For the regular search, rather then using a redirect script, it seems to use onmousedown javascript (in this way the link you click is a "direct" link to the URL). The mousedown script causes your webbrowser to load a hidden image (which is really a tracking image, the kind used by spammers in their email to report back to them). If you examine the javascript it sends the link you clicked, your unique ID, the position on the page the link was ("1" for the first link and so on) and two type parameters (ct="res" and sa="T") encoded as the URL for the fake image.

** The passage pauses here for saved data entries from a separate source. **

(* Let $p\in(1,2]$ and let $Y_1,Y_2,\dots$ be i.i.d. real random variables with $\nu_p:=\mathbb{E}|Y_k|^p<\infty$ and mean $y:=\mathbb{E}[Y_k]$. For a constant $c>0$ and $n\ge1$ define $$\hat Y_n:=\frac{c}{n^{1-1/p}}\sum_{k=1}^n\psi_p\!\left(\frac{Y_k}{c\,n^{1/p}}\right).$$ Then for all $\epsilon>0$, $$\mathbb{P}\left(\hat Y_n>y+\epsilon\right)\le\exp\left(-\frac{n^{(p-1)/p}\epsilon}{c}+\frac{b_p\nu_p}{c^p}\right),\qquad \mathbb{P}\left(y>\hat Y_n+\epsilon\right)\le\exp\left(-\frac{n^{(p-1)/p}\epsilon}{c}+\frac{b_p\nu_p}{c^p}\right).$$
   Context: $b_p:=\left[2\left(\frac{2-p}{p-1}\right)^{1-\frac{2}{p}}+\left(\frac{2-p}{p-1}\right)^{2-\frac{2}{p}}\right]^{-p/2}$ (with $0^0=1$ when $p=2$). The influence function is $\psi_p(x):=\ln\left(b_p|x|^p+x+1\right)$ for $x\ge0$ and $\psi_p(x):=-\ln\left(b_p|x|^p-x+1\right)$ for $x<0$. *)

theory Defs
  imports "HOL-Probability.Probability"
begin

definition rpow0 :: "real \<Rightarrow> real \<Rightarrow> real" where
  "rpow0 x a = (if x = 0 then (if a = 0 then 1 else 0) else x powr a)"

definition b_const :: "real \<Rightarrow> real" where
  "b_const p = (let r = (2 - p) / (p - 1) in
     (2 * rpow0 r (1 - 2 / p) + rpow0 r (2 - 2 / p)) powr (- p / 2))"

definition psi :: "real \<Rightarrow> real \<Rightarrow> real" where
  "psi p x = (if x \<ge> 0 then ln (b_const p * \<bar>x\<bar> powr p + x + 1)
              else - ln (b_const p * \<bar>x\<bar> powr p - x + 1))"

definition catoni_est :: "real \<Rightarrow> real \<Rightarrow> (nat \<Rightarrow> 'a \<Rightarrow> real) \<Rightarrow> nat \<Rightarrow> 'a \<Rightarrow> real" where
  "catoni_est p c Y n \<omega> =
     c / (real n) powr (1 - 1 / p) * (\<Sum>k=1..n. psi p (Y k \<omega> / (c * (real n) powr (1 / p))))"

end

theory Submission
  imports Defs
begin

text \<open>The constant \<open>b\<^sub>p\<close> is exactly what makes \<open>exp (\<psi>\<^sub>p x) \<le> 1 + x + b\<^sub>p \<bar>x\<bar>\<^sup>p\<close> hold for
  all real \<open>x\<close>: for \<open>x = -t < 0\<close> this says \<open>1 / (1 + t + v) \<le> 1 - t + v\<close> with \<open>v = b\<^sub>p t\<^sup>p\<close>, i.e.
  \<open>t\<^sup>2 \<le> 2v + v\<^sup>2\<close>, which is a weighted AM-GM inequality whose geometric mean is \<open>1\<close> precisely
  for this \<open>b\<^sub>p\<close>. Taking expectations, each factor \<open>E exp (\<psi>\<^sub>p (Y\<^sub>k / a))\<close> with
  \<open>a = c n powr (1 / p)\<close> is at most \<open>exp (y / a + b\<^sub>p \<nu>\<^sub>p / a\<^sup>p)\<close>, and the Chernoff bound for the
  independent sum gives the upper tail. The lower tail is the upper tail of \<open>-Y\<^sub>k\<close>, since
  \<open>\<psi>\<^sub>p\<close> is odd.\<close>

lemma b_const_pos:
  assumes "1 < p" "p \<le> 2"
  shows "b_const p > 0"
proof -
  define r where "r = (2 - p) / (p - 1)"
  have "r \<ge> 0" using assms by (simp add: r_def)
  moreover have "r = 0 \<Longrightarrow> p = 2" using assms by (simp add: r_def)
  ultimately have "2 * rpow0 r (1 - 2 / p) + rpow0 r (2 - 2 / p) > 0"
    by (cases "r = 0") (auto simp: rpow0_def add_pos_nonneg)
  then show ?thesis unfolding b_const_def Let_def r_def by simp
qed

lemma b_const_two: "b_const 2 = 1 / 2"
  by (simp add: b_const_def rpow0_def powr_minus)

lemma ln_b_const:
  assumes "1 < p" "p < 2"
  shows "ln (b_const p) = (p - 1) * (ln (p - 1) - ln p) + (2 - p) / 2 * (ln (2 - p) - ln p)"
proof -
  define r where "r = (2 - p) / (p - 1)"
  have r: "r > 0" using assms by (simp add: r_def)
  have "2 * rpow0 r (1 - 2 / p) + rpow0 r (2 - 2 / p) = r powr (1 - 2 / p) * (2 + r)"
    using r by (simp add: rpow0_def diff_divide_distrib powr_diff add_divide_distrib power2_eq_square algebra_simps)
  also have "2 + r = p / (p - 1)" using assms by (simp add: r_def field_simps)
  finally have "ln (b_const p) = - p / 2 * ln (r powr (1 - 2 / p) * (p / (p - 1)))"
    unfolding b_const_def Let_def r_def[symmetric] using r assms by (simp add: ln_powr)
  also have "\<dots> = - p / 2 * ((1 - 2 / p) * (ln (2 - p) - ln (p - 1)) + ln p - ln (p - 1))"
    using r assms by (simp add: ln_mult ln_powr ln_div r_def)
  also have "\<dots> = (p - 1) * (ln (p - 1) - ln p) + (2 - p) / 2 * (ln (2 - p) - ln p)"
    using assms by (simp add: diff_divide_distrib algebra_simps)
  finally show ?thesis .
qed

lemma one_le_b_const_powr_sum:
  assumes "1 < p" "p < 2" "t > 0"
  shows "1 \<le> 2 * b_const p * t powr (p - 2) + (b_const p)\<^sup>2 * t powr (2 * p - 2)"
proof -
  define b where "b = b_const p"
  have b: "b > 0" using b_const_pos assms by (simp add: b_def)
  \<comment> \<open>Jensen for \<open>exp\<close> with weights \<open>w1 + w2 = 1\<close>; \<open>ln_b_const\<close> makes \<open>w1 * A + w2 * B\<close> vanish.\<close>
  define w1 w2 where "w1 = 2 * (p - 1) / p" and "w2 = (2 - p) / p"
  define A where "A = ln b + ln p - ln (p - 1) + (p - 2) * ln t"
  define B where "B = 2 * ln b + ln p - ln (2 - p) + (2 * p - 2) * ln t"
  have "w1 * A + w2 * B = 0"
    unfolding A_def B_def b_def ln_b_const[OF assms(1,2)] w1_def w2_def
    using assms(1) by (simp add: field_simps)
  moreover have "exp ((1 - w2) *\<^sub>R A + w2 *\<^sub>R B) \<le> (1 - w2) * exp A + w2 * exp B"
    using convex_onD[OF exp_convex, of w2 A B] assms by (simp add: w2_def)
  moreover have "w1 = 1 - w2" using assms(1) by (simp add: w1_def w2_def field_simps)
  ultimately have "1 \<le> w1 * exp A + w2 * exp B" by (simp add: add.commute)
  moreover have "w1 * exp A = 2 * b * t powr (p - 2)"
    using assms b by (simp add: A_def w1_def exp_add exp_diff powr_def field_simps)
  moreover have "w2 * exp B = b\<^sup>2 * t powr (2 * p - 2)"
    using assms b by (simp add: B_def w2_def exp_add exp_diff powr_def exp_of_nat_mult[of 2, simplified])
  ultimately show ?thesis by (simp add: b_def)
qed

lemma square_le_b_const_powr:
  assumes "1 < p" "p \<le> 2" "t \<ge> 0"
  shows "t\<^sup>2 \<le> 2 * (b_const p * t powr p) + (b_const p * t powr p)\<^sup>2"
proof (cases "t = 0 \<or> p = 2")
  case True
  then show ?thesis using assms by (auto simp: b_const_two)
next
  case False
  then have t: "t > 0" and p: "p < 2" using assms by auto
  have t2: "t\<^sup>2 = t powr 2" using t by (simp add: powr_numeral)
  have "t\<^sup>2 * t powr (p - 2) = t powr (2 + (p - 2))"
    unfolding t2 powr_add ..
  then have powr1: "t\<^sup>2 * t powr (p - 2) = t powr p" by simp
  have "t\<^sup>2 * t powr (2 * p - 2) = t powr (2 + (2 * p - 2))"
    unfolding t2 powr_add ..
  also have "2 + (2 * p - 2) = p + p" by simp
  also have "t powr (p + p) = (t powr p)\<^sup>2"
    unfolding powr_add power2_eq_square ..
  finally have powr2: "t\<^sup>2 * t powr (2 * p - 2) = (t powr p)\<^sup>2" .
  have "t\<^sup>2 \<le> t\<^sup>2 * (2 * b_const p * t powr (p - 2) + (b_const p)\<^sup>2 * t powr (2 * p - 2))"
    using mult_left_mono[OF one_le_b_const_powr_sum[OF assms(1) p t], of "t\<^sup>2"] by simp
  also have "\<dots> = 2 * b_const p * (t\<^sup>2 * t powr (p - 2)) + (b_const p)\<^sup>2 * (t\<^sup>2 * t powr (2 * p - 2))"
    by (simp add: algebra_simps)
  finally show ?thesis unfolding powr1 powr2 by (simp add: power_mult_distrib)
qed

lemma exp_psi_le:
  assumes "1 < p" "p \<le> 2"
  shows "exp (psi p x) \<le> 1 + x + b_const p * \<bar>x\<bar> powr p"
proof -
  define v where "v = b_const p * \<bar>x\<bar> powr p"
  have v: "v \<ge> 0" using b_const_pos[OF assms] by (simp add: v_def)
  show ?thesis
  proof (cases "x \<ge> 0")
    case True
    then have "1 + x + v > 0" using v by simp
    then show ?thesis using True by (simp add: psi_def v_def algebra_simps)
  next
    case False
    then have pos: "v - x + 1 > 0" using v by simp
    have "1 \<le> (1 + x + v) * (v - x + 1)"
      using square_le_b_const_powr[OF assms, of "\<bar>x\<bar>"]
      by (simp add: v_def[symmetric] algebra_simps power2_eq_square)
    then have "1 / (v - x + 1) \<le> 1 + x + v" using pos by (simp add: divide_simps)
    moreover have "psi p x = - ln (v - x + 1)" using False by (simp add: psi_def v_def)
    ultimately show ?thesis using pos by (simp add: exp_minus inverse_eq_divide v_def)
  qed
qed

lemma psi_uminus: "psi p (- x) = - psi p x"
  by (cases "x > 0") (auto simp: psi_def)

lemma borel_measurable_psi [measurable]: "psi p \<in> borel_measurable borel"
  unfolding psi_def by measurable

lemma integrable_comp_iff_of_distr_eq:
  fixes f :: "'b \<Rightarrow> 'c::{banach, second_countable_topology}"
  assumes "X \<in> measurable M N" "X' \<in> measurable M N" "distr M N X = distr M N X'"
    and "f \<in> borel_measurable N"
  shows "integrable M (\<lambda>\<omega>. f (X \<omega>)) \<longleftrightarrow> integrable M (\<lambda>\<omega>. f (X' \<omega>))"
  using integrable_distr_eq[OF assms(1,4)] integrable_distr_eq[OF assms(2,4)] assms(3) by simp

Very interesting. I was right, Google seems to have have multiple formats for what visually looks like the same result page. The underlying format determines if and how Google tracks your clicks. One factor that may play a part is the date - the unique ID in the cookie includes a checksummed date of when the ID was created. Some Google features (like the book excerpts) have already been shown to check this date and give different results based on whether your cookie appears to be an existing cookie, or if it appears that you just created it a short time ago. It would take some time to verify, but I would hypothize Google only starts including link tracking code once the cookie is old enough to mark you as a legitimate or otherwise worthwhile user.
...the nice user interface with proper tabs for Firefox clients.
Seriously, it's so much nicer than having the page reload when you click another tab. Why doesn't the FF start page use this?
Why suggest it here? Put it in as feedback to Google. They act on feedback, you know.